Compared to the amount of efforts optimizing it for small ships, this feature would probably be a big help for many new players, to help them getting the hang of a rather unfamiliar Newtonian flight model, and for anyone feeling more comfortable with this scheme.
guess it makes sense to get the newplayer experiance polished before implementing the player retention mechanics that will bring a new wave of players in.
the argument that matches last so long that most of the participants will never see their resolution is totaly true and a real problem.
my suggestion would be to present the battles in progress(missions) as sudo-matches. make sure the player knows that he is helping while he is participating and gets a nice display of all his achivements at the end of the battle.(enemy ships flee into warp and a nice battleresult screen is offered[not forcefully displayed])
you also want to give players a resource(whatever that will be for progression in I:B) income boost in some form for the first 1-2 hours per day. this way they are encouraged to play every day, but not to long to burn themselfs out. psychology ftw!
I confess I’ve been very absent from the game for quite a while and it’s great to see I-Novae being critical of their own vision. It makes for a good development team.
I agree that streamlining the gameplay with these aspects will help massively, as the core mechanics are already fun. One of the biggest has to be the mission system - it can provide smaller goals to help give you something to aim for, and worry less about the overall war. Have simple match goals like, “Kill xx interceptors”, “Intercept a hauler” and bigger ones like “Win the battle for xx station”.

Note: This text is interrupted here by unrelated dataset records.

lemma G_subset_selected_deviations:
  assumes "Sig \<noteq> {}" and "\<And>a. a \<in> Sig \<Longrightarrow> pmf D a = p a"
    and "measure_pmf.prob D (- S) < e / 4" and "0 \<le> b"
  shows "G Q Sig \<delta> F p n b e \<subseteq> (\<Union>(q, B) \<in> Q \<times> ((\<lambda>x. {x}) ` S \<union> {- S}).
           {w. e / 4 * (b * n) \<le> \<bar>\<Sum>x\<leftarrow>selected \<delta> F q w. indicator B x - measure_pmf.prob D B\<bar>})"
proof
  fix w assume "w \<in> G Q Sig \<delta> F p n b e"
  then obtain q where "q \<in> Q" and "w \<in> G_q Q Sig \<delta> F p n b e q"
    unfolding G_def by blast
  define s where "s = selected \<delta> F q w"
  define dev where "dev a = \<bar>real (count_list s a) / real (length s) - p a\<bar>" for a
  have long: "b * n < length s" and "e \<le> (SUP a\<in>Sig. dev a)"
    using \<open>w \<in> G_q _ _ _ _ _ _ _ _ _\<close> by (auto simp: G_q_def s_def dev_def)
  have "0 < e"
    using assms(3) measure_nonneg[of "measure_pmf D" "- S"] by linarith
  have "0 \<le> b * n"
    using assms(4) by simp
  then have "s \<noteq> []"
    using long by auto
  have "dev a \<le> 2" if "a \<in> Sig" for a
  proof -
    have "real (count_list s a) / real (length s) \<le> 1"
      using count_le_length[of s a] \<open>s \<noteq> []\<close> by simp
    moreover have "0 \<le> real (count_list s a) / real (length s)"
      by simp
    moreover have "0 \<le> p a" and "p a \<le> 1"
      using assms(2)[OF that] pmf_le_1[of D a] pmf_nonneg[of D a] by auto
    ultimately show ?thesis
      unfolding dev_def by (intro abs_leI) linarith+
  qed
  then have "bdd_above (dev ` Sig)"
    by (rule bdd_aboveI2)
  moreover have "e / 2 < (SUP a\<in>Sig. dev a)"
    using \<open>e \<le> _\<close> \<open>0 < e\<close> by linarith
  ultimately obtain a where "a \<in> Sig" and "e / 2 < dev a"
    using less_cSUP_iff[OF assms(1)] by blast
  then have "e / 2 < \<bar>count_list s a / length s - pmf D a\<bar>"
    using assms(2) by (simp add: dev_def)
  then obtain B where "B \<in> (\<lambda>x. {x}) ` S \<union> {- S}"
      and "e / 4 * length s \<le> \<bar>\<Sum>x\<leftarrow>s. indicator B x - measure_pmf.prob D B\<bar>"
    using letter_frequency_deviation[OF \<open>s \<noteq> []\<close> assms(3)] by blast
  moreover have "e / 4 * (b * n) \<le> e / 4 * length s"
    using long \<open>0 < e\<close> by simp
  ultimately have "e / 4 * (b * n) \<le> \<bar>\<Sum>x\<leftarrow>selected \<delta> F q w. indicator B x - measure_pmf.prob D B\<bar>"
    unfolding s_def by linarith
  then show "w \<in> (\<Union>(q, B) \<in> Q \<times> ((\<lambda>x. {x}) ` S \<union> {- S}).
           {w. e / 4 * (b * n) \<le> \<bar>\<Sum>x\<leftarrow>selected \<delta> F q w. indicator B x - measure_pmf.prob D B\<bar>})"
    using \<open>q \<in> Q\<close> \<open>B \<in> _\<close> by (intro UN_I[of "(q, B)"]) simp_all
qed

lemma G_subset_words: "G Q Sig \<delta> F p n b e \<subseteq> words Sig n"
  by (auto simp: G_def G_q_def)

lemma mu_G_le:
  assumes "Sig \<noteq> {}" and "finite Q" and "\<And>a. a \<in> Sig \<Longrightarrow> pmf D a = p a"
    and "finite S" and "measure_pmf.prob D (- S) < e / 4" and "0 < b" and "0 < n"
  shows "mu p (G Q Sig \<delta> F p n b e) \<le> 16 * card Q * (card S + 1) / ((e * b)\<^sup>2 * n)"
proof -
  define I where "I = Q \<times> ((\<lambda>x. {x}) ` S \<union> {- S})"
  define t where "t = e / 4 * (b * n)"
  define A where "A = (\<lambda>(q, B). {w. t \<le> \<bar>\<Sum>x\<leftarrow>selected \<delta> F q w. indicator B x - measure_pmf.prob D B\<bar>})"
  let ?W = "replicate_pmf n D"
  have "0 < e"
    using assms(5) measure_nonneg[of "measure_pmf D" "- S"] by linarith
  then have "0 < t"
    using assms(6,7) by (simp add: t_def)
  have "finite I"
    using assms(2,4) by (simp add: I_def)
  have "card ((\<lambda>x. {x}) ` S \<union> {- S}) \<le> card S + 1"
    using assms(4) card_image_le[OF assms(4), of "\<lambda>x. {x}"] by (simp add: card_insert_if)
  then have "card I \<le> card Q * (card S + 1)"
    unfolding I_def card_cartesian_product by (rule mult_le_mono2)
  have "mu p (G Q Sig \<delta> F p n b e) = measure_pmf.prob ?W (G Q Sig \<delta> F p n b e)"
    using assms(3) G_subset_words by (rule mu_eq_prob_replicate_pmf)
  also have "\<dots> \<le> measure_pmf.prob ?W (\<Union>i\<in>I. A i)"
    using G_subset_selected_deviations[OF assms(1,3,5) less_imp_le[OF assms(6)]]
    by (intro measure_pmf.finite_measure_mono) (simp_all add: I_def A_def t_def)
  also have "\<dots> \<le> (\<Sum>i\<in>I. measure_pmf.prob ?W (A i))"
    using \<open>finite I\<close> by (intro measure_pmf.finite_measure_subadditive_finite) auto
  also have "\<dots> \<le> (\<Sum>i\<in>I. n / t\<^sup>2)"
  proof (rule sum_mono)
    fix i assume "i \<in> I"
    obtain q B where i: "i = (q, B)"
      by fastforce
    have "\<bar>indicator B a - measure_pmf.prob D B\<bar> \<le> (1::real)" for a
      by (simp add: indicator_def)
    then show "measure_pmf.prob ?W (A i) \<le> n / t\<^sup>2"
      unfolding A_def i using \<open>0 < t\<close>
      by (auto intro: prob_sum_selected_deviation_le expectation_indicator_minus_prob)
  qed
  also have "\<dots> = card I * (16 / ((e * b)\<^sup>2 * n))"
    using assms(7) by (simp add: t_def power2_eq_square field_simps)
  also have "\<dots> \<le> card Q * (card S + 1) * (16 / ((e * b)\<^sup>2 * n))"
    using \<open>card I \<le> _\<close> by (intro mult_right_mono) (simp_all flip: of_nat_mult)
  finally show ?thesis
    by (simp add: algebra_simps)
qed

theorem corollary5p6:
  fixes Sig :: "'a set" and p :: "'a \<Rightarrow> real"
    and Q :: "'s set" and \<delta> :: "'s \<Rightarrow> 'a \<Rightarrow> 's" and qs :: 's and F :: "'s set"
    and b \<epsilon> :: real
  assumes "Sig \<noteq> {}" and "countable Sig"
    and "\<forall>a\<in>Sig. p a > 0 \<and> p a \<le> 1" and "(p has_sum 1) Sig"
    and "is_dfa Q Sig \<delta> qs F" and "strongly_connected Q Sig \<delta>"
    and "0 < b" and "b \<le> 1" and "\<epsilon> > 0"
  shows "(\<lambda>n. mu p (G Q Sig \<delta> F p n b \<epsilon>)) \<longlonglongrightarrow> 0"
proof -
  obtain D :: "'a pmf" where D: "\<And>a. a \<in> Sig \<Longrightarrow> pmf D a = p a"
    using pmf_of_has_sum[of Sig p] assms(3,4) by (metis less_imp_le)
  obtain S where "finite S" and S: "measure_pmf.prob D (- S) < \<epsilon> / 4"
    using pmf_finite_set_complement_small[of "\<epsilon> / 4" D] assms(9) by auto
  define K where "K = 16 * card Q * (card S + 1) / (\<epsilon> * b)\<^sup>2"
  have "finite Q"
    using assms(5) by (simp add: is_dfa_def)
  have "mu p (G Q Sig \<delta> F p n b \<epsilon>) \<le> K / n" if "0 < n" for n
    using mu_G_le[OF assms(1) \<open>finite Q\<close> D \<open>finite S\<close> S assms(7) that] by (simp add: K_def)
  moreover have "0 \<le> mu p (G Q Sig \<delta> F p n b \<epsilon>)" for n
    using mu_eq_prob_replicate_pmf[of Sig D p, OF D G_subset_words[of Q Sig \<delta> F p n b \<epsilon>]] by simp
  ultimately show ?thesis
    by (intro tendsto_sandwich[OF _ _ tendsto_const lim_const_over_n[of K]])
       (auto simp: eventually_sequentially intro!: exI[of _ 1])
qed

end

If we could then select one as ‘Active’ then perhaps there could be additional guidance on your HUD pointing you in the general direction of your mission target.
All I hear is how priorities have been refocused. But nothing about how development will get back on track with the “original” roadmap.
(Nov 2019 Roadmap review) = Fully implemented Short term:
HUD cleaning / decluttering / making things more clear
Team chat and improving communications
Helper screens and more alerts and contextual info tips in game
Ship upgrades ( first iteration; we won’t necessarily have much new content there. Maybe a new weapon and EMP missiles )
Battle reports / statistics / player stats / team stats
Making the star map more useful and interactive
Game balance: another pass on weapons / locking, corvette repairs / rewards
Credits redistribution and team scoring ( / ladder rankings )
Input event and control scheme unification ( a lot of players are confused by the way the current system works, and think their controllers do not detect pitch / yaw )
Allowing the carrier to repair / resupply ships like the corvette
Anti-missile / torpedoes laser counter-measures for capital ships
Auto-repairing turrets / modules on stations and other installations
Revamping / increasing static defenses
Sub-systems targeting
I mean, it is an OK progress. But at this rate v1.0 will come in two years rather than one.
Ocean, trees, space legs, clouds, mining, hauling. All (except space legs) old place holders all super easy. Nothing else you do will retain anyone to pay for or play your game. 0 players for months.
Just want to highlight Matt’s post above regarding auto-aim and it’s effect of putting off certain players.
You need to A/B test this because I’m inclined to agree with him. Just try disabling it on one server and see what difference it makes. Let players know it’s disabled and see which server they prefer.
Also do this with convergence for weapons. I was trying to hit a small turret today and one shot was going to the left of it and the other to the right.
“I know, because I’ve tested it” always beats “I think” or “I feel”.